Discover Which Variables Discriminate Between Groups, Discriminant Function Analysis

Linear discriminant function analysis i. How to cite this page. The procedure is most effective when group membership is a truly categorical variable; if group membership is based on values of a continuous variable for example, high IQ versus low IQconsider using linear regression to take advantage of the richer information that is offered by the continuous variable itself.

Appendix The following code can be used to calculate the scores manually: Structure Matrix — This is the canonical structure, also known as canonical loading or discriminant loading, of the discriminant functions. In this example, we specify in the groups subcommand that we are interested in the variable job, and we list in parenthesis the minimum and maximum values seen in job. Intuitively, if there is large variability in a group with particularly high means on some variables, then those high means are not reliable.

These eigenvalues are related to the canonical correlations and describe how much discriminating ability a function possesses.


If your grouping variable does not have integer values, Automatic Recode on the Transform menu will create a variable that does. As in MANOVA, one could first perform the multivariate test, and, if statistically significant, proceed to see which of the variables have significantly different means across the groups.

A biologist could record different characteristics of similar types groups of flowers, and then perform a discriminant function analysis to determine the set of characteristics that allows for the best discrimination between the types.

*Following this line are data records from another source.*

lemma hinv_ge_growth_bound:
  assumes g: "continuous_on UNIV g" and X: "X > 0" and \<nu>: "0 < \<nu>" "\<nu> \<le> \<mu>"
    and growth: "\<And>t. 0 < t \<Longrightarrow> t < X \<Longrightarrow>
                   bigG \<mu> \<nu> g X - bigG \<mu> \<nu> g t \<le> (\<mu> - \<nu>) * (ln (X / t) + 2)"
  shows "exp (bigG \<mu> \<nu> g X - (\<mu> - \<nu>) * (ln X + 2)) * (X powr \<mu> / \<mu>) \<le> hinv \<mu> \<nu> g X"
  unfolding hinv_eq_set_integral[OF X]
proof (rule set_integral_ge_powr[OF _ X hdens_set_integrable[OF g X \<nu>]])
  show "\<mu> > 0" using \<nu> by simp
  fix t :: real assume t: "0 < t" "t < X"
  define E where "E = bigG \<mu> \<nu> g X - (\<mu> - \<nu>) * (ln X + 2)"
  have "E + (\<mu> - \<nu>) * ln t \<le> bigG \<mu> \<nu> g t"
    using growth[OF t] t X by (simp add: E_def ln_div algebra_simps)
  then have "exp E * t powr (\<mu> - \<nu>) \<le> exp (bigG \<mu> \<nu> g t)"
    using t by (simp add: powr_def exp_add[symmetric] mult.commute)
  then have "t powr (\<nu> - 1) * (exp E * t powr (\<mu> - \<nu>)) \<le> t powr (\<nu> - 1) * exp (bigG \<mu> \<nu> g t)"
    by (rule mult_left_mono) simp
  moreover have "t powr (\<mu> - 1) = t powr (\<nu> - 1) * t powr (\<mu> - \<nu>)"
    by (simp add: powr_add[symmetric])
  ultimately have "exp E * t powr (\<mu> - 1) \<le> t powr (\<nu> - 1) * exp (bigG \<mu> \<nu> g t)"
    by (simp add: mult_ac)
  then show "exp E * t powr (\<mu> - 1) \<le> hdens \<mu> \<nu> g t"
    using t by (simp add: hdens_eq_exp_bigG)
qed

text \<open>The numerical constant of part (2):
  \<open>\<mu> exp (1 - \<nu> - 6 (\<mu> - \<nu>)) \<le> exp (- 2 (\<mu> - \<nu>))\<close>, i.e.
  \<open>\<mu> \<le> exp (4 \<mu> - 3 \<nu> - 1)\<close>, which follows from \<open>exp y \<ge> 1 + y\<close>.\<close>

lemma part2_constant_bound:
  fixes \<mu> \<nu> :: real assumes "\<nu> \<le> \<mu>"
  shows "exp (1 - \<nu> - 6 * (\<mu> - \<nu>)) * \<mu> \<le> exp (- 2 * (\<mu> - \<nu>))"
proof -
  have "\<mu> \<le> 1 + (4 * \<mu> - 3 * \<nu> - 1)" using assms by simp
  also have "\<dots> \<le> exp (4 * \<mu> - 3 * \<nu> - 1)" by (rule exp_ge_add_one_self)
  finally have "exp (1 - \<nu> - 6 * (\<mu> - \<nu>)) * \<mu> \<le> exp (1 - \<nu> - 6 * (\<mu> - \<nu>)) * exp (4 * \<mu> - 3 * \<nu> - 1)"
    by simp
  also have "\<dots> = exp (- 2 * (\<mu> - \<nu>))" by (simp add: exp_add[symmetric] algebra_simps)
  finally show ?thesis .
qed

lemma hinv_div_bounds_pos:
  assumes g: "continuous_on UNIV g" and X: "X > 0" and \<nu>: "0 < \<nu>" "\<nu> \<le> \<mu>"
    and mono: "\<And>t. 0 < t \<Longrightarrow> t < X \<Longrightarrow> bigG \<mu> \<nu> g t \<le> bigG \<mu> \<nu> g X"
    and growth: "\<And>t. 0 < t \<Longrightarrow> t < X \<Longrightarrow>
                   bigG \<mu> \<nu> g X - bigG \<mu> \<nu> g t \<le> (\<mu> - \<nu>) * (ln (X / t) + 2)"
  shows "exp (1 - \<nu> - 6 * (\<mu> - \<nu>)) * \<bar>X\<bar> powr (\<nu> - 1) * (X\<^sup>2 + 1) powr ((\<mu> - \<nu>) / 2) * exp (g X)
           \<le> hinv \<mu> \<nu> g X / X"
    and "hinv \<mu> \<nu> g X / X
           \<le> (1/\<nu>) * \<bar>X\<bar> powr (\<nu> - 1) * (X\<^sup>2 + 1) powr ((\<mu> - \<nu>) / 2) * exp (g X)"
proof -
  have \<mu>: "\<mu> > 0" using \<nu> by simp
  define Q where "Q = X powr (\<nu> - 1) * exp (bigG \<mu> \<nu> g X)"
  have Q: "C * \<bar>X\<bar> powr (\<nu> - 1) * (X\<^sup>2 + 1) powr ((\<mu> - \<nu>) / 2) * exp (g X) = C * Q" for C
    using X by (simp add: Q_def mult.assoc weight_eq_exp_bigG)
  have "exp (1 - \<nu> - 6 * (\<mu> - \<nu>)) * Q \<le> (exp (- 2 * (\<mu> - \<nu>)) / \<mu>) * Q"
    using part2_constant_bound[OF \<nu>(2)] \<mu>
    by (intro mult_right_mono) (simp_all add: Q_def field_simps)
  also have "\<dots> = exp (bigG \<mu> \<nu> g X - (\<mu> - \<nu>) * (ln X + 2)) * (X powr \<mu> / \<mu>) / X"
    using X by (simp add: Q_def powr_def exp_add exp_diff field_simps)
  also have "\<dots> \<le> hinv \<mu> \<nu> g X / X"
    by (rule divide_right_mono[OF hinv_ge_growth_bound[OF g X \<nu> growth]]) (use X in auto)
  finally show "exp (1 - \<nu> - 6 * (\<mu> - \<nu>)) * \<bar>X\<bar> powr (\<nu> - 1) * (X\<^sup>2 + 1) powr ((\<mu> - \<nu>) / 2) * exp (g X)
           \<le> hinv \<mu> \<nu> g X / X" by (simp only: Q)
  have "hinv \<mu> \<nu> g X / X \<le> exp (bigG \<mu> \<nu> g X) * (X powr \<nu> / \<nu>) / X"
    by (rule divide_right_mono[OF hinv_le_monotone_bound[OF g X \<nu> mono]]) (use X in auto)
  also have "\<dots> = (1/\<nu>) * Q"
    using X by (simp add: Q_def powr_diff)
  finally show "hinv \<mu> \<nu> g X / X
           \<le> (1/\<nu>) * \<bar>X\<bar> powr (\<nu> - 1) * (X\<^sup>2 + 1) powr ((\<mu> - \<nu>) / 2) * exp (g X)"
    by (simp only: Q)
qed

section \<open>Reflection\<close>

lemma hinv_reflect: "hinv \<mu> \<nu> g x = - hinv \<mu> \<nu> (\<lambda>t. g (- t)) (- x)"
proof -
  have "hinv \<mu> \<nu> g x = (LBINT t=ereal (- x)..ereal 0.
      \<bar>- t\<bar> powr (\<nu> - 1) * ((- t)\<^sup>2 + 1) powr ((\<mu> - \<nu>) / 2) * exp (g (- t)))"
    unfolding hinv_def by (subst interval_integral_reflect) simp
  also have "\<dots> = - hinv \<mu> \<nu> (\<lambda>t. g (- t)) (- x)"
    unfolding hinv_def by (subst interval_integral_endpoints_reverse) simp
  finally show ?thesis .
qed

lemma avg0_reflect:
  assumes "x \<noteq> 0" shows "avg0 g x = avg0 (\<lambda>t. g (- t)) (- x)"
proof -
  have "(LBINT t=ereal 0..ereal x. g t) = (LBINT t=ereal (- x)..ereal 0. g (- t))"
    by (subst interval_integral_reflect) simp
  also have "\<dots> = - (LBINT t=ereal 0..ereal (- x). g (- t))"
    by (subst interval_integral_endpoints_reverse) simp
  finally show ?thesis using assms unfolding avg0_def by simp
qed

lemma spaceX_abs_le_supnorm:
  assumes "g \<in> spaceX" shows "\<bar>g t\<bar> \<le> supnorm g"
proof -
  from assms have "bounded (range g)" by (simp add: spaceX_def)
  then obtain B where "\<And>x. \<bar>g x\<bar> \<le> B" unfolding bounded_iff by auto
  then have "bdd_above (range (\<lambda>x. \<bar>g x\<bar>))" by (intro bdd_aboveI2)
  then show ?thesis unfolding supnorm_def by (rule cSUP_upper[rotated]) simp
qed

Discriminant Function Analysis | SPSS Data Analysis Examples

The distribution of the scores from each function is standardized to have a mean of zero and standard deviation of one. Because we compute the location of each case from our prior knowledge of the values for that case on the variables in the model, these probabilities are called posterior probabilities.

The score is calculated in the same disdriminante as a predicted value from a linear regression, using the standardized coefficients and the standardized variables.

We know that the function scores have a mean of zero, and we can check this by looking at the sum of the group means multiplied by the number of cases in each group: We can see that in this example, all of the observations in the dataset were successfully classified. For a given alpha level, such as 0. Predicted Group Membership — These are the predicted frequencies of groups from the analysis.

Again, minor deviations are not that important; however, before accepting final conclusions for an important study it is probably a good idea to review the within-groups variances and correlation matrices. These correlations will give us some indication of how much unique information each predictor will contribute to the analysis.

Below is a list of some analysis methods you may have encountered.